Yasuhiro Oikawa of Waseda University in Tokyo pointed a high-speed camera at the throat of a volunteer with one task in mind: To capture his/her voice without the use of a microphone.
Yes, you read that correctly. Oikawa and his team announced at the International Congress on Acoustics on June 3 that they used cameras to take thousands of images per second and record the motions of a person’s neck and voice box as they spoke. A computer program then turned the recorded vibrations into sound waves.

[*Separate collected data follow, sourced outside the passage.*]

lemma emeasure_cball_affine_preimage:
  fixes a e :: complex
  assumes "a \<noteq> 0" and "0 \<le> r"
  shows "emeasure lborel (cball (0 :: complex) r) =
    ennreal (cmod a ^ 2) * emeasure lborel {x. a * x + e \<in> cball 0 r}"
proof -
  have "cmod (a * x + e) = cmod a * dist x (- e / a)" for x
  proof -
    have "a * x + e = a * (x - - e / a)" using assms(1) by (simp add: field_simps)
    then show ?thesis by (simp add: norm_mult dist_norm)
  qed
  then have preimage: "{x. a * x + e \<in> cball 0 r} = cball (- e / a) (r / cmod a)"
    using assms(1) by (auto simp: field_simps dist_commute)
  have "emeasure lborel (cball (0 :: complex) r) = ennreal (unit_ball_vol 2 * r ^ 2)"
    using emeasure_cball[OF assms(2), where c = "0 :: complex"] by simp
  also have "\<dots> = ennreal (cmod a ^ 2) * ennreal (unit_ball_vol 2 * (r / cmod a) ^ 2)"
    using assms(1) by (simp add: ennreal_mult[symmetric] field_simps)
  also have "\<dots> = ennreal (cmod a ^ 2) * emeasure lborel (cball (- e / a) (r / cmod a))"
    using emeasure_cball[of "r / cmod a" "- e / a"] assms by simp
  finally show ?thesis
    unfolding preimage .
qed

(* On a non-real factor the Jacobian is |z|^(2m), which dominates |z|^m since |z| >= 1. *)
lemma emeasure_Iplus_factor_affine_preimage_le:
  assumes "1 \<le> cmod z" and "z \<in> \<real> \<Longrightarrow> e \<in> \<real>"
  shows "ennreal (cmod z ^ m) * emeasure (factor_measure z) {x. z ^ m * x + e \<in> Iplus_factor z}
    \<le> emeasure (factor_measure z) (Iplus_factor z)"
proof (cases "z \<in> \<real>")
  case True
  then obtain t u where z: "z = of_real t" and e: "e = of_real u"
    using assms(2) Reals_cases by metis
  have "t ^ m \<noteq> 0" using assms(1) z by auto
  moreover have "complex_of_real (t ^ m) = z ^ m" and "\<bar>t ^ m\<bar> = cmod z ^ m"
    by (simp_all add: z power_abs)
  ultimately have "emeasure (factor_measure z) (Iplus_factor z) =
      ennreal (cmod z ^ m) * emeasure (factor_measure z) {x. z ^ m * x + e \<in> Iplus_factor z}"
    using emeasure_distr_of_real_affine_preimage[of "t ^ m" "Iplus_factor z" u] True
    by (simp add: factor_measure_def e)
  then show ?thesis by simp
next
  case False
  have "z ^ m \<noteq> 0" and "0 \<le> 1 / (cmod z - 1)" using assms(1) by auto
  from emeasure_cball_affine_preimage[OF this, of e]
  have "emeasure (factor_measure z) (Iplus_factor z) =
      ennreal ((cmod z ^ m)\<^sup>2) * emeasure (factor_measure z) {x. z ^ m * x + e \<in> Iplus_factor z}"
    using False by (simp add: factor_measure_def Iplus_factor_def norm_power)
  moreover have "cmod z ^ m \<le> (cmod z ^ m)\<^sup>2"
    using one_le_power[OF assms(1), of m] by (simp add: power2_eq_square mult_le_cancel_left1)
  ultimately show ?thesis
    by (simp add: mult_right_mono ennreal_leI)
qed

Why did they do this, you ask? Some lip-reading software programs are sophisticated enough to recognize different languages, but the end result doesn’t usually involve much more than a transcript, according to a ScienceNews article. In addition, microphones often record too much background noise, so Oikawa and his colleagues, looking for a new method of capturing vocal tones, came up with this idea.
The article explains that the researchers pointed the camera at the throats of two volunteers and had them say the Japanese word tawara, which means straw bale or bag. The team recorded them at 10,000 fps, and at the same time, recorded the volunteers’ words with a standard microphone and a vibrometer for comparison. The vibrations recorded by the camera vibrations can’t be recorded by a camera – I think you mean “interpreted by the camera data) were similar to the ones from the microphone and vibrometer, Oikawa said in the article.
After running the images though a computer program, the team reconstructed the volunteers’ voices well enough to hear and understand them saying tawara. Mechanical engineer Weikang Jiang of Shanghai Jiao Tong University in China noted Oikawa did not play audio of the reconstructed voices, but instead showed the comparison photos of the sound waves and vibrations.
Like Weikang, I am interested to hear what the audio sounds like.